Those in the lowest quintile of the polygenic score for income were found on average to have the lowest predicted income (Fig. 7b), with the mean level of household income rising across each quintile. Those in the three lowest quintiles for their genetic propensity for income were found to have an average level of household income between £10,000 and £30,000, whereas those in the top two quintiles were found to have a household income of between £30,000 and £50,000. Polygenic prediction conducted using the summary data from UK Biobank applied to the GS:SFHS data showed that between 1.2 and 2.0% of the variance in household income can be predicted using the polygenic score for income (Supplementary Table 9 and Fig. 7c), with the PGRSs that was most predictive using a P value cutoff of 0.1.

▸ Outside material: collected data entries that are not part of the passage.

(* There is an absolute constant $C>0$ such that for all $k\ge 2$, $\gamma\in(0,1]$, $\varepsilon\in(0,1]$ and $n\ge C\,k^{3/2}/(\gamma^2\varepsilon^2)$ the following test is a uniformity tester over $[k]$ with distance parameter $\gamma$: each of the $n$ users applies $\varepsilon$-RAPPOR to its sample $X_j$ and sends $b_j\in\{0,1\}^k$; the curator computes $N_x=\sum_{j}\mathbf 1\{b_{jx}=1\}$, $\lambda=\alpha_R/k+\beta_R$ and $T=\sum_{x\in[k]}\big((N_x-(n-1)\lambda)^2-N_x\big)+k(n-1)\lambda^2$, and outputs ``uniform'' if $T<n(n-1)\alpha_R^2\gamma^2/k$ and ``not uniform'' otherwise.
   Context: $\Delta([k])$ is the set of probability distributions on $[k]=\{1,\dots,k\}$, $u$ the uniform distribution on $[k]$, $d_{TV}(p,q)=\frac12\|p-q\|_1$. Users hold i.i.d. samples $X_1,\dots,X_n$ from an unknown $p\in\Delta([k])$. The $\varepsilon$-RAPPOR mechanism maps $x\in[k]$ to a random vector $b\in\{0,1\}^k$ obtained from the one-hot vector $e_x$ by flipping each coordinate independently with probability $\beta_R=1/(e^{\varepsilon/2}+1)$; $\alpha_R=(e^{\varepsilon/2}-1)/(e^{\varepsilon/2}+1)$. A uniformity tester with distance parameter $\gamma$ must, for every $p$, output ``uniform'' with probability at least $2/3$ if $p=u$ and ``not uniform'' with probability at least $2/3$ if $d_{TV}(p,u)>\gamma$. *)

theory Defs
  imports "HOL-Probability.Probability"
begin

text \<open>Distributions on [k] = {1..k} are represented as nat pmfs supported in {1..k}.\<close>

definition uniform_k :: "nat \<Rightarrow> nat pmf" where
  "uniform_k k = pmf_of_set {1..k}"

definition dTV :: "nat \<Rightarrow> nat pmf \<Rightarrow> nat pmf \<Rightarrow> real" where
  "dTV k p q = (1/2) * (\<Sum>x\<in>{1..k}. \<bar>pmf p x - pmf q x\<bar>)"

definition beta_R :: "real \<Rightarrow> real" where
  "beta_R \<epsilon> = 1 / (exp (\<epsilon>/2) + 1)"

definition alpha_R :: "real \<Rightarrow> real" where
  "alpha_R \<epsilon> = (exp (\<epsilon>/2) - 1) / (exp (\<epsilon>/2) + 1)"

text \<open>epsilon-RAPPOR: one-hot vector e_x in {0,1}^k (as a function on {1..k}),
  each coordinate flipped independently with probability beta_R.\<close>
definition rappor :: "real \<Rightarrow> nat \<Rightarrow> nat \<Rightarrow> (nat \<Rightarrow> bool) pmf" where
  "rappor \<epsilon> k x = Pi_pmf {1..k} False
     (\<lambda>y. map_pmf (\<lambda>flip. (y = x) \<noteq> flip) (bernoulli_pmf (beta_R \<epsilon>)))"

text \<open>A uniformity tester: n users each hold an i.i.d. sample from p, apply the
  local mechanism, and the curator applies the decision rule (True = "uniform")
  to the vector of all n messages (users indexed 0..n-1).\<close>
definition is_uniformity_tester ::
  "nat \<Rightarrow> real \<Rightarrow> nat \<Rightarrow> (nat \<Rightarrow> 'b pmf) \<Rightarrow> 'b \<Rightarrow> ((nat \<Rightarrow> 'b) \<Rightarrow> bool) \<Rightarrow> bool" where
  "is_uniformity_tester k \<gamma> n mech dflt dec \<longleftrightarrow>
     (\<forall>p :: nat pmf. set_pmf p \<subseteq> {1..k} \<longrightarrow>
        (let M = Pi_pmf {..<n} dflt (\<lambda>_. bind_pmf p mech) in
          (p = uniform_k k \<longrightarrow> measure_pmf.prob M {B. dec B} \<ge> 2/3) \<and>
          (dTV k p (uniform_k k) > \<gamma> \<longrightarrow> measure_pmf.prob M {B. \<not> dec B} \<ge> 2/3)))"

definition count_N :: "nat \<Rightarrow> (nat \<Rightarrow> nat \<Rightarrow> bool) \<Rightarrow> nat \<Rightarrow> real" where
  "count_N n B x = real (card {j \<in> {..<n}. B j x})"

definition rappor_stat :: "real \<Rightarrow> nat \<Rightarrow> nat \<Rightarrow> (nat \<Rightarrow> nat \<Rightarrow> bool) \<Rightarrow> real" where
  "rappor_stat \<epsilon> k n B =
     (let lam = alpha_R \<epsilon> / real k + beta_R \<epsilon> in
       (\<Sum>x\<in>{1..k}. (count_N n B x - (real n - 1) * lam)\<^sup>2 - count_N n B x)
       + real k * (real n - 1) * lam\<^sup>2)"

definition rappor_test :: "real \<Rightarrow> nat \<Rightarrow> nat \<Rightarrow> real \<Rightarrow> (nat \<Rightarrow> nat \<Rightarrow> bool) \<Rightarrow> bool" where
  "rappor_test \<epsilon> k n \<gamma> B \<longleftrightarrow>
     rappor_stat \<epsilon> k n B < real n * (real n - 1) * (alpha_R \<epsilon>)\<^sup>2 * \<gamma>\<^sup>2 / real k"

end

theory Submission
  imports Defs
begin

text \<open>
  Write a report as b = m + W, where m_x = \<beta> + \<alpha> p_x is its mean and W is centred.
  Expanding the statistic coordinatewise gives T = U + L + n(n-1) |\<mu>|^2 with
  \<mu>_x = \<alpha> (p_x - 1/k), where U = sum_x sum_{i \<noteq> j} W_ix W_jx is a degenerate
  U-statistic and L = 2(n-1) sum_i <\<mu>, W_i> is a sum of independent centred terms.
  Independence across users gives E U^2 = 2n(n-1) sum_{x,y} Cov(b_x, b_y)^2 \<le> 4n(n-1)k
  and E L^2 \<le> 5n(n-1)^2 |\<mu>|^2. Under uniformity \<mu> = 0, and Chebyshev's inequality
  bounds the probability of rejecting. If d_TV(p, u) > \<gamma>, Cauchy-Schwarz gives
  |\<mu>|^2 \<ge> 4 \<alpha>^2 \<gamma>^2 / k, so E T is at least four times the threshold and
  Chebyshev's inequality bounds the probability of accepting. Since \<alpha> \<ge> \<epsilon>/6,
  n \<ge> 1440 k^(3/2) / (\<gamma> \<epsilon>)^2 suffices.
\<close>

section \<open>Expectations under product distributions\<close>

lemma finite_set_Pi_pmf:
  assumes "finite A" "\<And>i. i \<in> A \<Longrightarrow> finite (set_pmf (p i))"
  shows "finite (set_pmf (Pi_pmf A d p))"
  using assms by (subst set_Pi_pmf) auto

Multi-trait analysis of GWASs

MTAG has previously been used to conduct the first well-powered GWAS on intelligence8. We used MTAG here to increase the power of our GWAS on income by meta-analyzing it with another measure of SEP, educational attainment10, as measured by the number of years of education a participant has completed. MTAG was conducted using the default settings and applied to increase the power in the GWAS of household income. Following the application of MTAG, the mean χ2 statistic increased from 1.45 to 1.73 and increased the effective sample size to 505,541 for income.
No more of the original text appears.